Friday, April 13, 2012

Creativity and Writer's Block

I've pressed through the wall of impenetrability. Having expunged from my first draft of Ecclesiastes 3 all boomer-isms, I was left with nothing but blank space. My efforts this week have been focused on filling that blank space with images twenty-somethings could relate to. I have no clue if I'm close but I feel good knowing I've come up with new 28 ideas.


Artist Jasper Johns nailed it. This to me is the essence of creativity--editing, rough drafts, mutations, and the elimination of vestigial words/images. Keep adding something often enough and soon you've got something.

Without boring readers by listing all my aborted attempts at gen-y-ifying Ecclesiastes 3:1-8, I can say this:

I've chosen to lighten the mood and not post images of Hiroshima (a time to make war), MLK assassination (a time to kill), hoarding (a time to keep), or wacky faith healers (a time to heal). Even though such images would have proven good fodder for student reactions, those images are heavy handed. Mr. Q is obtuse enough without my all to obvious renderings. I'll let his lectures carry the somber tone; he doesn't need my help.

This decision of course makes hash out of 3:14, "God does all these things so that we may fear him."  Mr. Q's point in this poem about time is, "providence is loaded with example after example of oddments, conundra, and counter examples of eudaemonism." Mr. Q is whining (justifiably) about the problem of evil. My artistic sense tells me to restrain myself, go light, and save my ire at evil until later; we've still got nine more chapters of morbidity to deal with.

In addition, drawing images inspired by 2012 pop culture will unfortunately mean in three years or less my book will fall out of favor. The shelf life of humor is notoriously short, increasingly so in our day of data smog.

Yet, it still feels right to me to lighten the tone in this iconic poem with humorous images that reflect 28 experiences in the life of a university student ("a time to weep" getting a tattoo or piercing, "a time to tear" holes in the knees of one's jeans, "a time to hate" boomers like me asking gen-y folk to fix my computer, and 25 more).

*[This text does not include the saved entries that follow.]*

(* Let $r \geq 1$ be an integer. Then for every integer $n \geq 0$, $$\sum_{k=0}^{n} \frac{s(n,k)}{k+r} = \sum_{k=0}^{r-1} \lambda_{r,n,k}\, B_{n+k}^*,$$ where for each $k \in \{0,1,\dots,r-1\}$, $$\lambda_{r,n,k} := \sum_{\ell=0}^{r-1-k} \binom{r-1}{\ell} S(r-1-\ell,k)\, n^{\ell}$$ (with the convention $0^0 = 1$).
   Context: For $n \geq 0$, $X^{\underline{n}} := X(X-1)\cdots(X-n+1)$ ($X^{\underline{0}}=1$). The (signed) Stirling numbers of the first kind $s(n,k)$ are defined by $X^{\underline{n}} = \sum_{k=0}^{n} s(n,k) X^k$, and the Stirling numbers of the second kind $S(n,k)$ by $X^n = \sum_{k=0}^{n} S(n,k) X^{\underline{k}}$ (for all $n\ge 0$), with $s(n,k)=S(n,k)=0$ when $n<k$; in particular $S(0,0)=1$. The Bernoulli numbers of the second kind $B_n^*$ are defined by $\frac{t}{\log(1+t)} = \sum_{n \ge 0} B_n^* \frac{t^n}{n!}$ (equivalently $B_n^* = \int_0^1 x^{\underline{n}}\,dx$). *)

theory Defs
  imports "HOL-Analysis.Analysis" "HOL-Combinatorics.Stirling"
begin

definition falling_fact :: "real \<Rightarrow> nat \<Rightarrow> real" where
  "falling_fact x n = (\<Prod>i<n. x - real i)"

definition stirling1s :: "nat \<Rightarrow> nat \<Rightarrow> int" where
  "stirling1s n k = (-1) ^ (n - k) * int (stirling n k)"

definition bernoulli2 :: "nat \<Rightarrow> real" where
  "bernoulli2 n = integral {0..1} (\<lambda>x. falling_fact x n)"

definition lambda_coeff :: "nat \<Rightarrow> nat \<Rightarrow> nat \<Rightarrow> real" where
  "lambda_coeff r n k =
     (\<Sum>l = 0..r - 1 - k. real ((r - 1) choose l) * real (Stirling (r - 1 - l) k) * real n ^ l)"

end

theory Submission
  imports Defs
begin

text \<open>Both sides equal the integral of \<^term>\<open>falling_fact x n * x ^ (r - 1)\<close> over [0,1].
  Expanding the falling factorial into powers with the signed Stirling numbers of the first kind
  and integrating the monomials gives the left side. For the right side, write \<open>x = n + (x - n)\<close>,
  expand \<open>x ^ (r - 1)\<close> binomially, turn each power of \<open>x - n\<close> into falling factorials with
  Stirling numbers of the second kind, and absorb them via \<open>x\<^sup>n (x - n)\<^sup>k = x\<^sup>n\<^sup>+\<^sup>k\<close>
  (falling powers); the integral of each \<open>x\<^sup>n\<^sup>+\<^sup>k\<close> is \<^term>\<open>bernoulli2 (n + k)\<close>.\<close>

lemma falling_fact_Suc: "falling_fact x (Suc k) = falling_fact x k * (x - real k)"
  by (simp add: falling_fact_def)

lemma falling_fact_add: "falling_fact x (n + k) = falling_fact x n * falling_fact (x - real n) k"
  by (induction k) (simp_all add: falling_fact_def algebra_simps)

lemma falling_fact_eq_pochhammer: "falling_fact x n = (-1) ^ n * pochhammer (-x) n"
proof -
  have "falling_fact x n = (\<Prod>i<n. (-1) * (-x + real i))"
    by (simp add: falling_fact_def)
  also have "\<dots> = (\<Prod>i<n. -1) * (\<Prod>i<n. -x + real i)"
    by (rule prod.distrib)
  also have "\<dots> = (-1) ^ n * pochhammer (-x) n"
    by (simp add: pochhammer_prod lessThan_atLeast0)
  finally show ?thesis .
qed

lemma neg_one_power_mult_minus_power:
  fixes x :: "'a::comm_ring_1"
  assumes "k \<le> n"
  shows "(-1) ^ n * (-x) ^ k = (-1) ^ (n - k) * x ^ k"
proof -
  obtain d where "n = k + d" using assms le_Suc_ex by blast
  then have "(-1 :: 'a) ^ n * (-1) ^ k = (-1) ^ (n - k)"
    by (simp add: power_add mult_ac)
  then show ?thesis by (simp add: power_minus[of x] mult.assoc flip: mult.assoc[of "(-1) ^ n"])
qed

lemma falling_fact_eq_sum_stirling1s:
  "falling_fact x n = (\<Sum>k\<le>n. real_of_int (stirling1s n k) * x ^ k)"
proof -
  have "falling_fact x n = (\<Sum>k\<le>n. (-1) ^ n * (-x) ^ k * real (stirling n k))"
    by (simp add: falling_fact_eq_pochhammer sum_distrib_left mult_ac flip: stirling_pochhammer)
  also have "\<dots> = (\<Sum>k\<le>n. real_of_int (stirling1s n k) * x ^ k)"
    by (intro sum.cong refl) (simp add: neg_one_power_mult_minus_power stirling1s_def)
  finally show ?thesis .
qed

lemma power_eq_sum_Stirling_falling_fact:
  "x ^ m = (\<Sum>k\<le>m. real (Stirling m k) * falling_fact x k)"
proof (induction m)
  case 0
  then show ?case by (simp add: falling_fact_def)
next
  case (Suc m)
  have "x ^ Suc m = (\<Sum>k\<le>m. real (Stirling m k) * falling_fact x (Suc k))
                 + (\<Sum>k\<le>m. real k * real (Stirling m k) * falling_fact x k)"
    by (simp add: Suc sum_distrib_left falling_fact_Suc algebra_simps flip: sum.distrib)
  also have "(\<Sum>k\<le>m. real k * real (Stirling m k) * falling_fact x k)
           = (\<Sum>k\<le>Suc m. real k * real (Stirling m k) * falling_fact x k)"
    by simp
  also have "\<dots> = (\<Sum>k\<le>m. real (Suc k) * real (Stirling m (Suc k)) * falling_fact x (Suc k))"
    by (subst sum.atMost_Suc_shift) simp
  also have "(\<Sum>k\<le>m. real (Stirling m k) * falling_fact x (Suc k)) + \<dots>
      = (\<Sum>k\<le>m. real (Stirling (Suc m) (Suc k)) * falling_fact x (Suc k))"
    by (simp add: algebra_simps flip: sum.distrib)
  also have "\<dots> = (\<Sum>k\<le>Suc m. real (Stirling (Suc m) k) * falling_fact x k)"
    unfolding sum.atMost_Suc_shift[of _ m] by simp
  finally show ?case .
qed

lemma falling_fact_mult_power_eq_sum_lambda_coeff:
  "falling_fact x n * x ^ (r - 1) = (\<Sum>k\<le>r - 1. lambda_coeff r n k * falling_fact x (n + k))"
proof -
  define m where "m = r - 1"
  define y where "y = x - real n"
  have binomial_expansion: "x ^ m = (\<Sum>l\<le>m. real (m choose l) * real n ^ l * y ^ (m - l))"
    using binomial_ring[of "real n" y m] by (simp add: y_def)
  have Stirling_expansion: "y ^ (m - l) = (\<Sum>k\<le>m. real (Stirling (m - l) k) * falling_fact y k)" for l
    by (subst power_eq_sum_Stirling_falling_fact) (rule sum.mono_neutral_left; auto)
  have "falling_fact x n * x ^ m
      = (\<Sum>l\<le>m. \<Sum>k\<le>m. real (m choose l) * real (Stirling (m - l) k) * real n ^ l * falling_fact x (n + k))"
    unfolding binomial_expansion Stirling_expansion by (simp add: sum_distrib_left falling_fact_add y_def mult_ac)
  also have "\<dots> = (\<Sum>k\<le>m. \<Sum>l\<le>m. real (m choose l) * real (Stirling (m - l) k) * real n ^ l * falling_fact x (n + k))"
    by (rule sum.swap)
  also have "\<dots> = (\<Sum>k\<le>m. lambda_coeff r n k * falling_fact x (n + k))"
  proof (rule sum.cong [OF refl])
    fix k assume "k \<in> {..m}"
    then have "(\<Sum>l\<le>m. real (m choose l) * real (Stirling (m - l) k) * real n ^ l)
             = (\<Sum>l = 0..m - k. real (m choose l) * real (Stirling (m - l) k) * real n ^ l)"
      by (intro sum.mono_neutral_right) auto
    then show "(\<Sum>l\<le>m. real (m choose l) * real (Stirling (m - l) k) * real n ^ l * falling_fact x (n + k))
             = lambda_coeff r n k * falling_fact x (n + k)"
      by (simp add: lambda_coeff_def m_def flip: sum_distrib_right)
  qed
  finally show ?thesis by (simp add: m_def)
qed

lemma has_integral_power:
  fixes a b :: real
  assumes "a \<le> b"
  shows "((\<lambda>x. x ^ m) has_integral (b ^ Suc m - a ^ Suc m) / real (Suc m)) {a..b}"
proof -
  have "((\<lambda>x. x ^ Suc m / real (Suc m)) has_real_derivative x ^ m) (at x within {a..b})" for x
    using DERIV_cdivide[OF DERIV_pow[of "Suc m" x], of "real (Suc m)"]
    by (simp del: of_nat_Suc)
  then show ?thesis
    using fundamental_theorem_of_calculus[OF assms, of "\<lambda>x. x ^ Suc m / real (Suc m)"]
    by (simp add: has_real_derivative_iff_has_vector_derivative diff_divide_distrib)
qed

lemma has_integral_falling_fact_mult_power:
  "((\<lambda>x. falling_fact x n * x ^ m) has_integral
     (\<Sum>k\<le>n. real_of_int (stirling1s n k) / real (k + m + 1))) {0..1}"
proof -
  have "((\<lambda>x. \<Sum>k\<le>n. real_of_int (stirling1s n k) * x ^ (k + m)) has_integral
         (\<Sum>k\<le>n. real_of_int (stirling1s n k) * (1 / real (Suc (k + m))))) {0..1}"
    using has_integral_power[of 0 1] by (intro has_integral_sum has_integral_mult_right) (simp_all del: of_nat_Suc)
  then show ?thesis
    by (simp add: falling_fact_eq_sum_stirling1s sum_distrib_right power_add mult.assoc)
qed

lemma has_integral_falling_fact: "((\<lambda>x. falling_fact x n) has_integral bernoulli2 n) {0..1}"
  unfolding bernoulli2_def falling_fact_def
  by (intro integrable_integral integrable_continuous_interval continuous_intros)

theorem theorem6:
  fixes r n :: nat
  assumes "r \<ge> 1"
  shows "(\<Sum>k = 0..n. real_of_int (stirling1s n k) / real (k + r))
         = (\<Sum>k = 0..r - 1. lambda_coeff r n k * bernoulli2 (n + k))"
proof -
  have "((\<lambda>x. falling_fact x n * x ^ (r - 1)) has_integral
         (\<Sum>k = 0..n. real_of_int (stirling1s n k) / real (k + r))) {0..1}"
    using has_integral_falling_fact_mult_power[of n "r - 1"] assms by (simp add: atLeast0AtMost)
  moreover have "((\<lambda>x. falling_fact x n * x ^ (r - 1)) has_integral
         (\<Sum>k = 0..r - 1. lambda_coeff r n k * bernoulli2 (n + k))) {0..1}"
    unfolding falling_fact_mult_power_eq_sum_lambda_coeff atLeast0AtMost
    by (intro has_integral_sum has_integral_mult_right has_integral_falling_fact) auto
  ultimately show ?thesis
    by (rule has_integral_unique)
qed

end
lemma injective_if_det_reaction_matrix_ne_0:
  assumes nonsingular: "\<forall>\<kappa>. (\<forall>r\<in>G. \<kappa> r > 0) \<longrightarrow> det (reaction_matrix G \<kappa>) \<noteq> 0"
  shows "injective_network G"
  unfolding injective_network_def
proof (intro allI impI inj_onI)
  fix k a b
  assume k: "\<forall>r\<in>G. k r > 0" and a: "a \<in> pos_orthant" and b: "b \<in> pos_orthant"
    and eq: "mass_action G k a = mass_action G k b"
  define \<kappa> where
    "\<kappa> r = k r * monom b (fst r) * exp_diff_quot (real_vec (fst r) \<bullet> (ln_vec a - ln_vec b))" for r
  have "\<forall>r\<in>G. \<kappa> r > 0"
    using k monom_pos[OF b] exp_diff_quot_pos by (simp add: \<kappa>_def)
  then have "det (reaction_matrix G \<kappa>) \<noteq> 0"
    using nonsingular by blast
  moreover have "reaction_matrix G \<kappa> *v (ln_vec a - ln_vec b) = 0"
    using mass_action_diff_eq_reaction_matrix[OF a b, of G k] eq by (simp add: \<kappa>_def[abs_def])
  ultimately have "ln_vec a - ln_vec b = 0"
    using det_eq_0_iff_kernel by blast
  then show "a = b"
    using a b by (simp add: ln_vec_def vec_eq_iff pos_orthant_def)
qed

lemma injective_network_iff_det_reaction_matrix:
  "injective_network G \<longleftrightarrow> (\<forall>\<kappa>. (\<forall>r\<in>G. \<kappa> r > 0) \<longrightarrow> det (reaction_matrix G \<kappa>) \<noteq> 0)"
  using not_injective_if_det_reaction_matrix_eq_0 injective_if_det_reaction_matrix_ne_0 by blast

theorem corollary2p2:
  fixes G :: "'n::finite reaction set"
  assumes "reaction_network G"
  shows "injective_network G \<longleftrightarrow>
    ((\<forall>\<sigma> \<tau>. inj \<sigma> \<and> \<sigma> ` UNIV \<subseteq> G \<and> inj \<tau> \<and> \<tau> ` UNIV \<subseteq> G \<and>
              det_product \<sigma> \<noteq> 0 \<and> det_product \<tau> \<noteq> 0
              \<longrightarrow> sgn (det_product \<sigma>) = sgn (det_product \<tau>)) \<and>
     (\<exists>\<sigma>. inj \<sigma> \<and> \<sigma> ` UNIV \<subseteq> G \<and> det_product \<sigma> \<noteq> 0))"
proof -
  have fin: "finite G"
    using assms by (simp add: reaction_network_def)
  have "det (reaction_matrix G \<kappa>) \<noteq> 0 \<longleftrightarrow> injection_poly G det_product \<kappa> \<noteq> 0" for \<kappa>
    unfolding fact_card_mult_det_reaction_matrix[OF fin, symmetric] by simp
  then have "injective_network G \<longleftrightarrow> (\<forall>\<kappa>. (\<forall>r\<in>G. \<kappa> r > 0) \<longrightarrow> injection_poly G det_product \<kappa> \<noteq> 0)"
    by (simp add: injective_network_iff_det_reaction_matrix)
  also have "\<dots> \<longleftrightarrow>
      (\<forall>\<sigma>\<in>injections G. \<forall>\<tau>\<in>injections G. det_product \<sigma> \<noteq> 0 \<and> det_product \<tau> \<noteq> 0
          \<longrightarrow> sgn (det_product \<sigma>) = sgn (det_product \<tau>)) \<and>
      (\<exists>\<sigma>\<in>injections G. det_product \<sigma> \<noteq> 0)"
    by (rule injection_poly_nonvanishing_iff[OF fin])
      (auto simp: injections_def intro: det_product_eq_if_range_eq)
  finally show ?thesis
    unfolding injections_def by blast
qed

end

If anyone is keeping track, it took four pages of mind dump to come up with 28 new thumbnail images. The toughest verbs to gen-y-ify were, "a time to plant, heal, tear down, gather stones, and give up searching." At this stage I'm leaving behind this time poem confident I'll get another chance to edit it again after letting these ideas marinate for several months as I work on the rest of the text.

Doing something to something and then doing it again until you've got something unleashes dopamine in the pleasure centers of my brain which is incredibly fun!